Sheridan also said Xanax use is becoming “an epidemic” amongst young people, and thinks that the risk associated with it is extremely high. He said he’s known people that have gone into rehabilitation for addiction, in some cases for heroin, and that “it all starts with Xanax.”

A “slippery slope” ensues, according to Sheridan. As stated in a 2017 National Institute on Drug Abuse (NIDA) report, benzodiazepines like Xanax are typically used to treat anxiety and insomnia, and prescription opiates are typically used to relieve pain.

In most people, the two drugs produce similar effects, and many patients are co-prescribed both. But the recreational combination of the two has proven to be fatal.

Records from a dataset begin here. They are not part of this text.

lemma tilted_weight_bounds:
  fixes a b z :: real
  assumes "a \<ge> 0" "b > 0" "z > 0"
  shows "0 \<le> a * b / (a + z)" "a * b / (a + z) \<le> b" "a * b / (a + z) * (z / 2) \<le> a * b / 2"
  using assms by (auto simp: field_simps intro!: mult_left_mono)

lemma set_integrable_g0_tilted_moment:
  fixes a b c :: real
  assumes ha: "a \<ge> 0" and hb: "b > 0" and hc: "(a > 0 \<and> c > -1) \<or> (a = 0 \<and> c - b > -1)"
  shows "set_integrable lborel {0<..} (\<lambda>z. a * b / (a + z) * g0 a b z * (z / 2) powr c * exp (- z / 2))"
proof -
  have meas: "set_borel_measurable lborel {0<..}
      (\<lambda>z. a * b / (a + z) * g0 a b z * (z / 2) powr c * exp (- z / 2))"
    unfolding set_borel_measurable_def g0_def by measurable
  have "set_integrable lborel {0<..} (\<lambda>z. b * (g0 a b z * (z / 2) powr c * exp (- z / 2)))"
    using set_integrable_g0_moment[OF assms] by (rule set_integrable_mult_right)
  then show ?thesis
  proof (rule set_integrable_bound[OF _ meas], intro AE_I2 impI)
    fix z :: real assume "z \<in> {0<..}"
    define X where "X = g0 a b z * (z / 2) powr c * exp (- z / 2)"
    have X: "0 \<le> X" unfolding X_def g0_def by simp
    have weight: "0 \<le> a * b / (a + z)" "a * b / (a + z) \<le> b"
      using tilted_weight_bounds ha hb \<open>z \<in> {0<..}\<close> by auto
    have "0 \<le> a * b / (a + z) * X" using weight(1) X by (rule mult_nonneg_nonneg)
    moreover have "a * b / (a + z) * X \<le> b * X" using weight(2) X by (rule mult_right_mono)
    ultimately show "norm (a * b / (a + z) * g0 a b z * (z / 2) powr c * exp (- z / 2))
        \<le> norm (b * (g0 a b z * (z / 2) powr c * exp (- z / 2)))"
      unfolding X_def real_norm_def mult.assoc by (metis abs_of_nonneg order_trans)
  qed
qed

lemma g0_moment_pos:
  fixes a b c :: real
  assumes "a \<ge> 0" "b > 0" "(a > 0 \<and> c > -1) \<or> (a = 0 \<and> c - b > -1)"
  shows "g0_moment a b c > 0"
  unfolding g0_moment_def
  by (rule set_integral_pos[OF set_integrable_g0_moment[OF assms] _ positive_halfline_not_null])
    (use assms(1) in \<open>auto simp: g0_def\<close>)
(* Consider a Markov decision process with finite state space $\mathcal{S}$, finite action set $\mathcal{A}$, transition probabilities $p(\cdot\mid s,a)$, rewards $r:\mathcal{S}\times\mathcal{A}\to[0,1]$ with $r_{\max}=\max_{s,a}r(s,a)$, and discount factor $\gamma\in(0,1)$. Let $Q^*$ be the unique fixed point of $\mathcal{T}Q(s,a)=\sum_{s'}p(s'\mid s,a)\bigl(r(s,a)+\gamma\max_{a'}Q(s',a')\bigr)$. Consider the algorithm: given $Q^0$ with $\|Q^0\|_\infty\le\frac{r_{\max}}{1-\gamma}$ and a number of iterations $N$, for $n=1,\dots,N$ set $k_n=\lceil n^2\gamma^{N-n}\rceil$, for every $(s,a)$ draw independent samples $s_1(s,a),\dots,s_{k_n}(s,a)\sim p(\cdot\mid s,a)$, compute $$\hat{\mathcal{T}}_nQ^{n-1}(s,a)=r(s,a)+\gamma\frac{1}{k_n}\sum_{i=1}^{k_n}\max_{a'\in\mathcal{A}}Q^{n-1}(s_i(s,a),a'),$$ and set $Q^n=(1-\beta_n)Q^0+\beta_n\hat{\mathcal{T}}_nQ^{n-1}$ with $\beta_n=\frac{n}{n+1}$. Then, given $\varepsilon>0$, the algorithm produces an iterate $Q^N$ with $\mathbb{E}(\|Q^N-Q^*\|_\infty)\le\varepsilon$ using at most $\tilde O\!\left(\frac{|\mathcal{S}\times\mathcal{A}|\,r_{\max}^2}{\varepsilon^2(1-\gamma)^5}\right)$ queries to the stochastic oracle.
   Context: A query is one draw of a next state $s'\sim p(\cdot\mid s,a)$ for one pair $(s,a)$. $\tilde O$ denotes big-$O$ ignoring logarithmic factors. *)

theory Defs
  imports "HOL-Probability.Probability"
begin

(* States are {..<nS}, actions are {..<nA}; Q-functions are nat => nat => real,
   only their values on {..<nS} x {..<nA} matter. *)

definition maxA :: "nat \<Rightarrow> (nat \<Rightarrow> nat \<Rightarrow> real) \<Rightarrow> nat \<Rightarrow> real" where
  "maxA nA Q s = Max ((\<lambda>a. Q s a) ` {..<nA})"

definition supnorm :: "nat \<Rightarrow> nat \<Rightarrow> (nat \<Rightarrow> nat \<Rightarrow> real) \<Rightarrow> real" where
  "supnorm nS nA Q = Max ((\<lambda>(s,a). \<bar>Q s a\<bar>) ` ({..<nS} \<times> {..<nA}))"

definition rmax :: "nat \<Rightarrow> nat \<Rightarrow> (nat \<Rightarrow> nat \<Rightarrow> real) \<Rightarrow> real" where
  "rmax nS nA r = Max ((\<lambda>(s,a). r s a) ` ({..<nS} \<times> {..<nA}))"

definition bellman :: "nat \<Rightarrow> nat \<Rightarrow> (nat \<Rightarrow> nat \<Rightarrow> nat pmf) \<Rightarrow> (nat \<Rightarrow> nat \<Rightarrow> real)
    \<Rightarrow> real \<Rightarrow> (nat \<Rightarrow> nat \<Rightarrow> real) \<Rightarrow> nat \<Rightarrow> nat \<Rightarrow> real" where
  "bellman nS nA p r \<gamma> Q s a = (\<Sum>s'<nS. pmf (p s a) s' * (r s a + \<gamma> * maxA nA Q s'))"

definition kn :: "real \<Rightarrow> nat \<Rightarrow> nat \<Rightarrow> nat" where
  "kn \<gamma> N n = nat \<lceil>real n ^ 2 * \<gamma> ^ (N - n)\<rceil>"

definition beta :: "nat \<Rightarrow> real" where
  "beta n = real n / (real n + 1)"

definition samples :: "nat \<Rightarrow> nat \<Rightarrow> (nat \<Rightarrow> nat \<Rightarrow> nat pmf) \<Rightarrow> nat
    \<Rightarrow> (nat \<times> nat \<times> nat \<Rightarrow> nat) pmf" where
  "samples nS nA p k = Pi_pmf ({..<nS} \<times> {..<nA} \<times> {..<k}) 0 (\<lambda>(s,a,i). p s a)"

definition emp_bellman :: "nat \<Rightarrow> (nat \<Rightarrow> nat \<Rightarrow> real) \<Rightarrow> real \<Rightarrow> nat
    \<Rightarrow> (nat \<Rightarrow> nat \<Rightarrow> real) \<Rightarrow> (nat \<times> nat \<times> nat \<Rightarrow> nat) \<Rightarrow> nat \<Rightarrow> nat \<Rightarrow> real" where
  "emp_bellman nA r \<gamma> k Q \<omega> s a =
     r s a + \<gamma> * (1 / real k) * (\<Sum>i<k. maxA nA Q (\<omega> (s, a, i)))"

definition alg_step :: "nat \<Rightarrow> nat \<Rightarrow> (nat \<Rightarrow> nat \<Rightarrow> nat pmf) \<Rightarrow> (nat \<Rightarrow> nat \<Rightarrow> real)
    \<Rightarrow> real \<Rightarrow> (nat \<Rightarrow> nat \<Rightarrow> real) \<Rightarrow> nat \<Rightarrow> nat
    \<Rightarrow> (nat \<Rightarrow> nat \<Rightarrow> real) \<Rightarrow> (nat \<Rightarrow> nat \<Rightarrow> real) pmf" where
  "alg_step nS nA p r \<gamma> Q0 N n Q =
     map_pmf (\<lambda>\<omega> s a. (1 - beta n) * Q0 s a + beta n * emp_bellman nA r \<gamma> (kn \<gamma> N n) Q \<omega> s a)
       (samples nS nA p (kn \<gamma> N n))"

And with the prevalence of fentanyl in street-bought Xanax and heroin, the risk becomes even greater.

Minter said in Dekalb county alone 30 percent of drug-related deaths have been opiate-related, and additional 30 percent have been fentanyl-related.

A Georgia State student in recovery from opiate addiction, who wished to remain anonymous, said he has known 12 people personally who have overdosed and died on fentanyl in the past two years.”

“It was a lot of young people, literally, like, 16 to 25,” the student said, adding that he finds the spread of fentanyl to be “terribly frightening.”

“I mean, I’ve been there in my experience. There’s no way legitimately for them to know,” he said. “Because now, nobody’s able to tell, they’ll just hand you a bag literally 40 times stronger than what you’re used to, and you do it, and you just croak immediately.”

He also said there’s a huge challenge when it comes to recovery. “Opiate addicts are just constantly going in and out of rehab,” he said. “They’re a lot less likely to recover. And none of the young people are really recovering that much.”

He said he believes a large contributor to a lack of recovery is today’s culture, and how young people are normalizing abnormal behavior.

“Now, it’s cool to just do really awful things, and have no life, and do drugs,” the student said.

Dew reconciled this student’s encounters with the dangers of fentanyl, and maintained that those dangers do indeed produce serious consequences.

“I have talked to emergency room doctors in metro Atlanta, and they are seeing more young adults coming in with psychotic symptoms or with extreme agitation or paranoia, and it’s because of their substance use,” Dew said.